4.2.2 qui n’induisent pas nécessairement de l’interdisciplinarité

L ES S CIENCES DU VIVANT HISTORIQUEMENT OPPOSÉES AUX S CIENCES DE L ’ INGÉNIEUR

Cette question du couplage des Sciences de la vie et de la technologie, ou des Sciences de l’ingénieur, n’est pas nouvelle, et rappelle le débat déjà engagé au moment de l’essor des biotechnologies. Rappelons d’abord l’opposition dont a fait l’objet la création du département des Sciences pour l’ingénieur (SPI) au CNRS de la part des autres départements (Gagnepain, 2007). Seuls les physiciens ont finalement accepté d’y participer, la chimie et la biologie se montrant résolument contre. Jean-Jacques Gagnepain parle d’une forme d’ « élitisme », ou d’ « intégrisme » des biologistes qui « ne voulaient pas s’impliquer dans cette

aventure et ni même être « pervertis » » (Gagnepain, 2007).

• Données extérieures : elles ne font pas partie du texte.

definition test_case :: "'p set \<Rightarrow> ('p \<Rightarrow> 'v set) \<Rightarrow> ('p \<times> 'v) pform \<Rightarrow> ('p \<Rightarrow> 'v) \<Rightarrow> bool" where
  "test_case P d \<phi> A \<longleftrightarrow> (\<forall>p\<in>P. A p \<in> d p) \<and> peval (\<lambda>(p, v). A p = v) \<phi>"

definition ttuple :: "'p set \<Rightarrow> ('p \<Rightarrow> 'v set) \<Rightarrow> nat \<Rightarrow> ('p \<times> 'v) set \<Rightarrow> bool" where
  "ttuple P d t \<tau> \<longleftrightarrow> finite \<tau> \<and> \<tau> \<subseteq> Sigma P d \<and> card \<tau> = t \<and> card (fst ` \<tau>) = t"

definition covers :: "('p \<Rightarrow> 'v) \<Rightarrow> ('p \<times> 'v) set \<Rightarrow> bool" where
  "covers A \<tau> \<longleftrightarrow> (\<forall>(p, v)\<in>\<tau>. A p = v)"

definition allowed :: "'p set \<Rightarrow> ('p \<Rightarrow> 'v set) \<Rightarrow> ('p \<times> 'v) pform \<Rightarrow> nat \<Rightarrow> ('p \<times> 'v) set set" where
  "allowed P d \<phi> t = {\<tau>. ttuple P d t \<tau> \<and> (\<exists>A. test_case P d \<phi> A \<and> covers A \<tau>)}"

definition is_CA :: "'p set \<Rightarrow> ('p \<Rightarrow> 'v set) \<Rightarrow> ('p \<times> 'v) pform \<Rightarrow> nat \<Rightarrow> ('p \<Rightarrow> 'v) list \<Rightarrow> bool" where
  "is_CA P d \<phi> t L \<longleftrightarrow> (\<forall>A\<in>set L. test_case P d \<phi> A)
     \<and> (\<forall>\<tau>\<in>allowed P d \<phi> t. \<exists>A\<in>set L. covers A \<tau>)"

definition CAN :: "'p set \<Rightarrow> ('p \<Rightarrow> 'v set) \<Rightarrow> ('p \<times> 'v) pform \<Rightarrow> nat \<Rightarrow> nat" where
  "CAN P d \<phi> t = (LEAST N. \<exists>L. length L = N \<and> is_CA P d \<phi> t L)"

definition Tcov :: "'p set \<Rightarrow> ('p \<Rightarrow> 'v set) \<Rightarrow> ('p \<times> 'v) pform \<Rightarrow> nat \<Rightarrow> nat \<Rightarrow> nat" where
  "Tcov P d \<phi> t N = Max {card {\<tau>. ttuple P d t \<tau> \<and> (\<exists>A\<in>set L. covers A \<tau>)} | L.
      length L = N \<and> (\<forall>A\<in>set L. test_case P d \<phi> A)}"

text \<open>An instance is given by a set of hard constraints and a set of weighted soft clauses;
  constraints/clauses are represented by their truth functions on assignments of the variables.
  The optimal cost is the infimum (in enat, so \<infinity> if no assignment satisfies the hard
  constraints) of the total weight of falsified soft clauses.\<close>
definition wpms_opt :: "(('a \<Rightarrow> bool) \<Rightarrow> bool) set \<Rightarrow> ((('a \<Rightarrow> bool) \<Rightarrow> bool) \<times> nat) set \<Rightarrow> enat" where
  "wpms_opt H S = (INF \<alpha> \<in> {\<alpha>. \<forall>h\<in>H. h \<alpha>}. enat (\<Sum>(c, w)\<in>S. if c \<alpha> then 0 else w))"

text \<open>Variables x_{i,p,v}, c^i_\<tau>, c_\<tau>, u_i.\<close>
datatype ('p, 'v) mvar = X nat 'p 'v | Ci nat "('p \<times> 'v) set" | Ct "('p \<times> 'v) set" | U nat

definition hard_cons :: "'p set \<Rightarrow> ('p \<Rightarrow> 'v set) \<Rightarrow> ('p \<times> 'v) pform \<Rightarrow> nat \<Rightarrow> nat \<Rightarrow> nat
    \<Rightarrow> ((('p, 'v) mvar \<Rightarrow> bool) \<Rightarrow> bool) set" where
  "hard_cons P d \<phi> t N lb =
     \<comment> \<open>(X)\<close>
     {(\<lambda>\<alpha>. card {v \<in> d p. \<alpha> (X i p v)} = 1) | i p. i \<in> {1..N} \<and> p \<in> P}
   \<union> \<comment> \<open>(SUTX)\<close>
     {(\<lambda>\<alpha>. peval \<alpha> (map_pform (\<lambda>(p, v). X i p v) \<phi>)) | i. i \<in> {1..N}}
   \<union> \<comment> \<open>(CX)\<close>
     {(\<lambda>\<alpha>. \<alpha> (Ci i \<tau>) \<longrightarrow> \<alpha> (X i p v)) | i \<tau> p v.
        i \<in> {1..N} \<and> \<tau> \<in> allowed P d \<phi> t \<and> (p, v) \<in> \<tau>}
   \<union> \<comment> \<open>(RC)\<close>
     {(\<lambda>\<alpha>. \<alpha> (Ct \<tau>) \<longleftrightarrow> (\<exists>i\<in>{1..N}. \<alpha> (Ci i \<tau>))) | \<tau>. \<tau> \<in> allowed P d \<phi> t}
   \<union> \<comment> \<open>(BSU)\<close>
     {(\<lambda>\<alpha>. \<alpha> (U (i + 1)) \<longrightarrow> \<alpha> (U i)) | i. i \<in> {lb + 2..N - 1}}
   \<union> \<comment> \<open>(CU)\<close>
     {(\<lambda>\<alpha>. \<alpha> (Ci i \<tau>) \<longrightarrow> \<alpha> (U i)) | i \<tau>. i \<in> {lb + 2..N} \<and> \<tau> \<in> allowed P d \<phi> t}"

definition soft_cls :: "'p set \<Rightarrow> ('p \<Rightarrow> 'v set) \<Rightarrow> ('p \<times> 'v) pform \<Rightarrow> nat \<Rightarrow> nat \<Rightarrow> nat
    \<Rightarrow> (((('p, 'v) mvar \<Rightarrow> bool) \<Rightarrow> bool) \<times> nat) set" where
  "soft_cls P d \<phi> t N lb =
     {((\<lambda>\<alpha>. \<not> \<alpha> (U i)), 1) | i. i \<in> {lb + 2..N}}
   \<union> {((\<lambda>\<alpha>. \<alpha> (Ct \<tau>)), (N - (lb + 1)) + 1) | \<tau>. \<tau> \<in> allowed P d \<phi> t}"

end

theory Submission
  imports Defs
begin

(* Reading the variables x_{i,p,v} of a feasible assignment row by row gives N test cases.
   A variable c_tau can only be true for tuples covered by the rows i with some c^i_tau true,
   and for the last such row k the constraints (CU) and (BSU) force u_{lb+2}, ..., u_k true.
   Conversely, every list of k <= N test cases is encoded by a feasible assignment that pays
   k - (lb+1) for the u_i and m+1 for each allowed tuple it misses.  So the optimum is the
   minimum over k <= N of (k - (lb+1)) + (m+1) (|T_a| - T(k;t,S)).  As k - (lb+1) <= m,
   missing one more tuple never pays off, and the minimum is attained at the least k with
   T(k;t,S) = T(N;t,S).  Since T(k;t,S) increases strictly below CAN(t,S) and equals |T_a|
   from CAN(t,S) on, this k is min(CAN(t,S), N). *)

lemma peval_map_pform: "peval \<alpha> (map_pform f \<phi>) = peval (\<alpha> \<circ> f) \<phi>"
  by (induction \<phi>) auto

lemma peval_cong: "(\<And>a. a \<in> set_pform \<phi> \<Longrightarrow> f a = g a) \<Longrightarrow> peval f \<phi> = peval g \<phi>"
  by (induction \<phi>) auto

lemma hard_cons_iff:
  "(\<forall>h\<in>hard_cons P d \<phi> t N lb. h \<alpha>) \<longleftrightarrow>
     (\<forall>i\<in>{1..N}. \<forall>p\<in>P. card {v \<in> d p. \<alpha> (X i p v)} = 1)
   \<and> (\<forall>i\<in>{1..N}. peval \<alpha> (map_pform (\<lambda>(p, v). X i p v) \<phi>))
   \<and> (\<forall>i\<in>{1..N}. \<forall>\<tau>\<in>allowed P d \<phi> t. \<forall>(p, v)\<in>\<tau>. \<alpha> (Ci i \<tau>) \<longrightarrow> \<alpha> (X i p v))
   \<and> (\<forall>\<tau>\<in>allowed P d \<phi> t. \<alpha> (Ct \<tau>) \<longleftrightarrow> (\<exists>i\<in>{1..N}. \<alpha> (Ci i \<tau>)))
   \<and> (\<forall>i\<in>{lb + 2..N - 1}. \<alpha> (U (i + 1)) \<longrightarrow> \<alpha> (U i))
   \<and> (\<forall>i\<in>{lb + 2..N}. \<forall>\<tau>\<in>allowed P d \<phi> t. \<alpha> (Ci i \<tau>) \<longrightarrow> \<alpha> (U i))"
  (is "?sat \<longleftrightarrow> ?X \<and> ?SUTX \<and> ?CX \<and> ?RC \<and> ?BSU \<and> ?CU")
proof
  assume ?sat
  then have sat: "h \<alpha>" if "h \<in> hard_cons P d \<phi> t N lb" for h
    using that by blast
  have "card {v \<in> d p. \<alpha> (X i p v)} = 1" if "i \<in> {1..N}" "p \<in> P" for i p
    using sat[of "\<lambda>\<alpha>. card {v \<in> d p. \<alpha> (X i p v)} = 1"] that
    unfolding hard_cons_def by blast
  moreover have "peval \<alpha> (map_pform (\<lambda>(p, v). X i p v) \<phi>)" if "i \<in> {1..N}" for i
    using sat[of "\<lambda>\<alpha>. peval \<alpha> (map_pform (\<lambda>(p, v). X i p v) \<phi>)"] that
    unfolding hard_cons_def by blast
  moreover have "\<alpha> (Ci i \<tau>) \<longrightarrow> \<alpha> (X i p v)"
    if "i \<in> {1..N}" "\<tau> \<in> allowed P d \<phi> t" "(p, v) \<in> \<tau>" for i \<tau> p v
    using sat[of "\<lambda>\<alpha>. \<alpha> (Ci i \<tau>) \<longrightarrow> \<alpha> (X i p v)"] that
    unfolding hard_cons_def by blast
  moreover have "\<alpha> (Ct \<tau>) \<longleftrightarrow> (\<exists>i\<in>{1..N}. \<alpha> (Ci i \<tau>))" if "\<tau> \<in> allowed P d \<phi> t" for \<tau>
    using sat[of "\<lambda>\<alpha>. \<alpha> (Ct \<tau>) \<longleftrightarrow> (\<exists>i\<in>{1..N}. \<alpha> (Ci i \<tau>))"] that
    unfolding hard_cons_def by blast
  moreover have "\<alpha> (U (i + 1)) \<longrightarrow> \<alpha> (U i)" if "i \<in> {lb + 2..N - 1}" for i
    using sat[of "\<lambda>\<alpha>. \<alpha> (U (i + 1)) \<longrightarrow> \<alpha> (U i)"] that
    unfolding hard_cons_def by blast
  moreover have "\<alpha> (Ci i \<tau>) \<longrightarrow> \<alpha> (U i)" if "i \<in> {lb + 2..N}" "\<tau> \<in> allowed P d \<phi> t" for i \<tau>
    using sat[of "\<lambda>\<alpha>. \<alpha> (Ci i \<tau>) \<longrightarrow> \<alpha> (U i)"] that
    unfolding hard_cons_def by blast
  ultimately show "?X \<and> ?SUTX \<and> ?CX \<and> ?RC \<and> ?BSU \<and> ?CU"
    by auto
next
  assume H: "?X \<and> ?SUTX \<and> ?CX \<and> ?RC \<and> ?BSU \<and> ?CU"
  show ?sat
    unfolding hard_cons_def
    by (intro ballI; elim UnE CollectE exE conjE; simp only:) (use H in fastforce)+
qed

lemma evaluation_eq_iff: "(\<lambda>\<beta> :: 'a \<Rightarrow> bool. \<beta> x) = (\<lambda>\<beta>. \<beta> y) \<longleftrightarrow> x = y"
proof
  assume "(\<lambda>\<beta> :: 'a \<Rightarrow> bool. \<beta> x) = (\<lambda>\<beta>. \<beta> y)"
  from fun_cong[OF this, of "\<lambda>z. z = x"] show "x = y"
    by simp
qed simp

lemma negated_evaluation_eq_iff: "(\<lambda>\<beta>. \<not> \<beta> x) = (\<lambda>\<beta>. \<not> \<beta> y) \<longleftrightarrow> x = y"
proof
  assume "(\<lambda>\<beta>. \<not> \<beta> x) = (\<lambda>\<beta>. \<not> \<beta> y)"
  from fun_cong[OF this, of "\<lambda>z. z = x"] show "x = y"
    by simp
qed simp

lemma negated_evaluation_neq_evaluation: "(\<lambda>\<beta>. \<not> \<beta> x) \<noteq> (\<lambda>\<beta>. \<beta> y)"
proof
  assume "(\<lambda>\<beta>. \<not> \<beta> x) = (\<lambda>\<beta>. \<beta> y)"
  from fun_cong[OF this, of "\<lambda>_. False"] show False
    by simp
qed

lemma falsified_weight_soft_cls:
  fixes \<alpha> :: "('p, 'v) mvar \<Rightarrow> bool" and P :: "'p set"
  assumes "finite (allowed P d \<phi> t)"
  shows "(\<Sum>(c, w)\<in>soft_cls P d \<phi> t N lb. if c \<alpha> then 0 else w) =
    card {i \<in> {lb + 2..N}. \<alpha> (U i)}
    + (N - (lb + 1) + 1) * card {\<tau> \<in> allowed P d \<phi> t. \<not> \<alpha> (Ct \<tau>)}"
proof -
  define unit_cl where "unit_cl i = ((\<lambda>\<beta> :: ('p, 'v) mvar \<Rightarrow> bool. \<not> \<beta> (U i)), 1::nat)" for i
  define tuple_cl where
    "tuple_cl \<tau> = ((\<lambda>\<beta> :: ('p, 'v) mvar \<Rightarrow> bool. \<beta> (Ct \<tau>)), N - (lb + 1) + 1)" for \<tau>
  define falsified where "falsified = (\<lambda>(c, w). if c \<alpha> then 0 else w :: nat)"
  have soft: "soft_cls P d \<phi> t N lb = unit_cl ` {lb + 2..N} \<union> tuple_cl ` allowed P d \<phi> t"
    unfolding soft_cls_def unit_cl_def tuple_cl_def by auto
  have disjoint: "unit_cl ` {lb + 2..N} \<inter> tuple_cl ` allowed P d \<phi> t = {}"
    by (auto simp: unit_cl_def tuple_cl_def negated_evaluation_neq_evaluation)
  have "inj unit_cl" and "inj tuple_cl"
    by (simp_all add: inj_def unit_cl_def tuple_cl_def evaluation_eq_iff negated_evaluation_eq_iff)
  then have "(\<Sum>(c, w)\<in>soft_cls P d \<phi> t N lb. if c \<alpha> then 0 else w)
      = (\<Sum>i\<in>{lb + 2..N}. falsified (unit_cl i)) + (\<Sum>\<tau>\<in>allowed P d \<phi> t. falsified (tuple_cl \<tau>))"
    unfolding soft falsified_def[symmetric] using assms disjoint
    by (simp add: sum.union_disjoint sum.reindex inj_on_subset[OF _ subset_UNIV])
  also have "\<dots> = (\<Sum>i\<in>{lb + 2..N}. if \<alpha> (U i) then 1 else 0)
      + (\<Sum>\<tau>\<in>allowed P d \<phi> t. if \<not> \<alpha> (Ct \<tau>) then N - (lb + 1) + 1 else 0)"
    by (intro arg_cong2[where f = "(+)"] sum.cong)
      (auto simp: falsified_def unit_cl_def tuple_cl_def)
  also have "\<dots> = card {i \<in> {lb + 2..N}. \<alpha> (U i)}
      + (N - (lb + 1) + 1) * card {\<tau> \<in> allowed P d \<phi> t. \<not> \<alpha> (Ct \<tau>)}"
    using assms by (simp flip: sum.inter_filter)
  finally show ?thesis .
qed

Plus tard, le département SPI a été quasiment absent au lancement du programme biotechnologies. Un certain nombre de laboratoires des Sciences de la vie (SDV) passent aux SPI.

« Dans la mentalité SDV de l’époque, les laboratoires transférés en SPI étaient des laboratoires trop “industriels” sans légitimité en SDV » (Gagnepain, 2007).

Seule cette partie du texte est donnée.